Глава 48. Возвращение

назад, Глава 47. Источники вод: http://www.proza.ru/2017/09/21/786


                – Подумать только, подумать только, – сказала мама, щурясь от солнца. –
                Жизнь всё-таки по-настоящему волшебная. Думаешь, что серебряный
                поднос годится только для одного дела, а оказывается, для чего-то другого
                он ещё удобнее. И все мне твердили: “Незачем варить столько варенья”, – а
                оказалось, что оно всё съедено.
                Муми-тролль покраснел.
                – Мю рассказала тебе... – начал он.
                – Конечно, – сказала мама. – Спасибо! Хорошо, что ты позаботился о гостях,
                так что мне не пришлось краснеть за тебя. И знаешь, дом стал теперь
                гораздо просторней без всех этих ковров и безделушек. Кроме того, не придётся
                так часто убирать.
                Взяв немного снега, мама слепила снежок. Она бросила его, как обычно это
                делают мамы, довольно неуклюже, и он – бац! – плюхнулся неподалеку от них.
                – Вот так так! – рассмеялась мама. – Юнк и то сделал бы лучше.
                – Мама, я ужасно тебя люблю, – признался Муми-тролль.
                Туве Янссон, «Волшебная зима»
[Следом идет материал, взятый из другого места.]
lemma test_vec_remainder_pos:
  fixes b :: "nat \<Rightarrow> real"
  assumes nz: "\<exists>l<Suc d. b l \<noteq> 0"
  defines "x \<equiv> test_vec b" and "y \<equiv> b c" and "z \<equiv> b (Suc c)"
    and "P \<equiv> \<Sum>a<Suc d. (test_vec b a)\<^sup>2"
  shows "0 < P / 4 + (y + (real k - 1) * z)\<^sup>2 + (y - x u)\<^sup>2"
proof (cases "P = 0")
  case False
  moreover have "0 \<le> P"
    unfolding P_def by (intro sum_nonneg) simp
  ultimately show ?thesis
    by (simp add: add_pos_nonneg)
next
  case True
  then have "\<forall>a\<in>{..<Suc d}. (x a)\<^sup>2 = 0"
    unfolding P_def x_def by (subst (asm) sum_nonneg_eq_0_iff) auto
  then have path_zero: "x a = 0" if "a < Suc d" for a
    using that by simp
  have "y \<noteq> 0 \<or> z \<noteq> 0"
  proof (rule ccontr)
    assume "\<not> (y \<noteq> 0 \<or> z \<noteq> 0)"
    then have "b l = 0" if "l < Suc d" for l
      using that path_zero[OF that] unfolding x_def y_def z_def test_vec_def
      by (auto split: if_splits)
    with nz show False by blast
  qed
  have "x u = 0"
    using u c path_zero by auto
  have "0 < (y + (real k - 1) * z)\<^sup>2 + (y - x u)\<^sup>2"
  proof (cases "y = 0")
    case True
    with \<open>y \<noteq> 0 \<or> z \<noteq> 0\<close> k have "(real k - 1) * z \<noteq> 0"
      by auto
    with True show ?thesis
      by (simp add: add_pos_nonneg)
  next
    case False
    with \<open>x u = 0\<close> show ?thesis
      by (simp add: add_nonneg_pos)
  qed
  with True show ?thesis
    by simp
qed

lemma rayleigh_test_vec_less:
  assumes "\<exists>l<Suc d. b l \<noteq> 0"
  shows "quad_form n (laplacian n G') (test_vec b) < (real k + 3) * dot_fun n (test_vec b) (test_vec b)"
  using test_vec_excess_eq[of b] path_excess_le[of b] test_vec_remainder_pos[OF assms] by linarith

lemma lap_mu_delete_edge_less: "lap_mu n G' (n - d) < real (n - d + 2)"
proof -
  have "eigenvalues_desc (laplacian n G') ! (n - Suc d) < real k + 3"
    using n_eq rayleigh_test_vec_less
    by (intro eigenvalues_desc_less_if_rayleigh_less[OF laplacian_carrier laplacian_symmetric[OF G'_sym],
        where q = test_basis]) (simp_all add: lincomb_fun_test_basis)
  then show ?thesis
    unfolding lap_mu_def n_eq by simp
qed

end

theorem lemma4p4:
  fixes n d t w i :: nat
  assumes "2 \<le> d" and "d + 3 \<le> n" and "2 \<le> t" and "t \<le> d"
    and "d < w" and "w < n"
    and "i \<in> {t - 1, t, t + 1}"
  shows "lap_mu n (delete_edge (G_ndt n d t) (pv i) w) (n - d) < real (n - d + 2)"
proof -
  have "lap_mu n (delete_edge (G_ndt n d (Suc (t - 1))) (pv i) w) (n - d) < real (n - d + 2)"
    by (rule lap_mu_delete_edge_less[where k = "n - Suc d"]) (use assms in \<open>auto simp: pv_def\<close>)
  then show ?thesis
    using \<open>2 \<le> t\<close> by simp
qed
    – ...Каков ты есть на самом деле? – всё говорила и говорила Тэрпа Шваркенбаум своему Бэривэмусу.
    – Какой-какой! Ясно какой – плохой, – ворчливо отозвался тот, хмуро поглядывая на речную дорогу. – Смотри, опять эта бедная Бевстеворренгарт вмешивается... Наверняка вызвалась проводить их и теперь потащит нарочно самыми что ни на есть окольными тропами...
    – И напрасно ты о ней так говоришь и думаешь... – ответила Тэрпа, заталкивая назад в дом непоседливого малыша – было ещё очень раннее утро.
    – Вот. И всегда ты её защищаешь, – вздохнул Бэмс и, усевшись на землю, задумчиво почесал в затылке. – Нет, схожу я всё-таки с ними... А не то как заведёт куда-нибудь эта блажная нашего малыша...
    И он тусклой рысью направился вслед за отрядом, стараясь держаться на незаметном расстоянии. То есть... ну, в общем, вы меня понимаете.
    Но та, кого Бэмс назвал Бевстеворренгарт, как раз-таки выбрала теперь самый обычный и кратчайший путь.
    – Просто мне хотелось проводить тебя... – сказала она Бобриану. – И знаешь, малыш... Ты должен...
    Она всё не отпускала его лапу, явно желая сказать что-то ещё, но словно бы не решаясь. И вдруг она бросилась бежать.
    – Эглеунта! – растерянно крикнул Бобриан (он уже знал её имя), но она и не думала остановиться.
    Скоро уже и эхо её шагов сокрылось в очертаниях тишины. А Морской Далинь отчего-то так насупился, что даже казалось, что он сейчас или заплачет, или разобьёт всмятку первое, что попадётся ему под лапу.
    ...Перед ними был мосто-лифт. Здесь простились с Бобрианами и Налаки и уплыли на своих остроносых лодочках, спеша к драгоценным своим Островам. А они все взошли в ставшее уже древним изобретение Бобреуса (пришлось несколько потесниться, потому что прибавился ещё один пассажир) и со странной и непостижимой радостью, лишённой слов, отправились домой.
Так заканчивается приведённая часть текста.